What Did The Ancient Egyptains Hold Their Makeup With
Here's a question for makeup users and nonusers alike: Would you believe that philosophers once determined makeup trends?
What most poets?
To understand the origin of makeup, we must travel back in time about half dozen,000 years. Nosotros get our first glimpse of cosmetics in ancient Egypt, where makeup served as a marking of wealth believed to appeal to the gods. The elaborate eyeliner characteristic of Egyptian art appeared on men and women as early on as 4000 BCE. Kohl, rouge, white powders to lighten skin tone, and malachite eye shadow (the dark-green colour of which represented the gods Horus and Re) were all in popular apply.
Makeup is mentioned in the Bible too, in both the Jewish scriptures and the Christian Old Testament and New Attestation. The Book of Jeremiah, which details the titular prophet's ministry building from about 627 BCE to 586 BCE, argues against cosmetics utilise, thereby discouraging vanity: "And you, O desolate one, what practise you hateful that you lot dress in scarlet, that you deck yourself with ornaments of golden, that y'all overstate your eyes with pigment? In vain you beautify yourself. Your lovers despise you lot; they seek your life." In ii Kings the evil queen Jezebel exemplifies the connection between cosmetics and wickedness, being described as having "painted her eyes and adorned her head" earlier her decease at the behest of the warrior Jehu (though Jezebel's makeup apply was non the impetus for her murder).

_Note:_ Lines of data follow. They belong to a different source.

lemma bounded_lipschitz_mult:
  assumes f: "bounded_lipschitz f" and g: "bounded_lipschitz g"
  shows "bounded_lipschitz (\<lambda>x. f x * g x)"
proof -
  obtain A B Lf Lg where A: "\<And>x. \<bar>f x\<bar> \<le> A" and B: "\<And>x. \<bar>g x\<bar> \<le> B"
    and Lf: "Lf-lipschitz_on UNIV f" and Lg: "Lg-lipschitz_on UNIV g"
    using f g unfolding bounded_lipschitz_def by auto
  have "(A * Lg + B * Lf)-lipschitz_on UNIV (\<lambda>x. f x * g x)"
  proof (rule lipschitz_onI)
    fix x y
    have "\<bar>f x * g x - f y * g y\<bar> = \<bar>f x * (g x - g y) + g y * (f x - f y)\<bar>"
      by (simp add: algebra_simps)
    also have "\<dots> \<le> A * \<bar>g x - g y\<bar> + B * \<bar>f x - f y\<bar>"
      using A B
      by (auto simp: abs_mult intro!: abs_triangle_ineq[THEN order_trans] add_mono mult_right_mono)
    also have "\<dots> \<le> A * (Lg * dist x y) + B * (Lf * dist x y)"
      using lipschitz_onD[OF Lf, of x y] lipschitz_onD[OF Lg, of x y] A[of x] B[of x]
      by (intro add_mono mult_left_mono) (auto simp: dist_real_def)
    finally show "dist (f x * g x) (f y * g y) \<le> (A * Lg + B * Lf) * dist x y"
      by (simp add: dist_real_def algebra_simps)
    show "0 \<le> A * Lg + B * Lf"
      using A[of undefined] B[of undefined] lipschitz_on_nonneg[OF Lf] lipschitz_on_nonneg[OF Lg]
      by (meson abs_ge_zero add_nonneg_nonneg order_trans zero_le_mult_iff)
  qed
  moreover have "\<bar>f x * g x\<bar> \<le> A * B" for x
    using A[of x] B[of x] by (simp add: abs_mult mult_mono')
  ultimately show ?thesis unfolding bounded_lipschitz_def by auto
qed

lemma bounded_lipschitz_sin:
  assumes "L-lipschitz_on UNIV f"
  shows "bounded_lipschitz (\<lambda>x. sin (f x))"
proof -
  have "1-lipschitz_on UNIV (sin :: real \<Rightarrow> real)"
    by (rule bounded_real_derivative_imp_lipschitz[where f' = cos]) (auto intro: abs_cos_le_one)
  then have "(1 * L)-lipschitz_on UNIV (\<lambda>x. sin (f x))"
    using assms by (intro lipschitz_on_compose2) (auto intro: lipschitz_on_subset)
  then show ?thesis unfolding bounded_lipschitz_def by (auto intro: abs_sin_le_one)
qed

lemma bounded_lipschitz_cos:
  assumes "L-lipschitz_on UNIV f"
  shows "bounded_lipschitz (\<lambda>x. cos (f x))"
proof -
  have "1-lipschitz_on UNIV (cos :: real \<Rightarrow> real)"
    by (rule bounded_real_derivative_imp_lipschitz[where f' = "\<lambda>x. - sin x"])
      (auto intro: derivative_eq_intros)
  then have "(1 * L)-lipschitz_on UNIV (\<lambda>x. cos (f x))"
    using assms by (intro lipschitz_on_compose2) (auto intro: lipschitz_on_subset)
  then show ?thesis unfolding bounded_lipschitz_def by (auto intro: abs_cos_le_one)
qed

So likewise was there a disdain for cosmetics amidst aboriginal Romans, though not for religious reasons. Hygiene products such as bathroom soaps, deodorants, and moisturizers were used by men and women, and women were encouraged to raise their natural advent by removing trunk hair, but makeup products such as rouge were associated with sex workers and hence were considered a sign of shamelessness. Deriding makeup users is a common theme in Roman poems and comic plays (though theatrical performers constituted i of the few classes of people expected to employ cosmetics), and admonitions against makeup appear in the personal writings of Roman doctors and philosophers. The elegiac poet Sextus Propertius, for example, wrote that "looks as nature bestowed them are always nearly becoming." And the philosopher Seneca the Younger, in a letter of the alphabet to his mother, praised the fact that she "never defiled her face with paints or cosmetics."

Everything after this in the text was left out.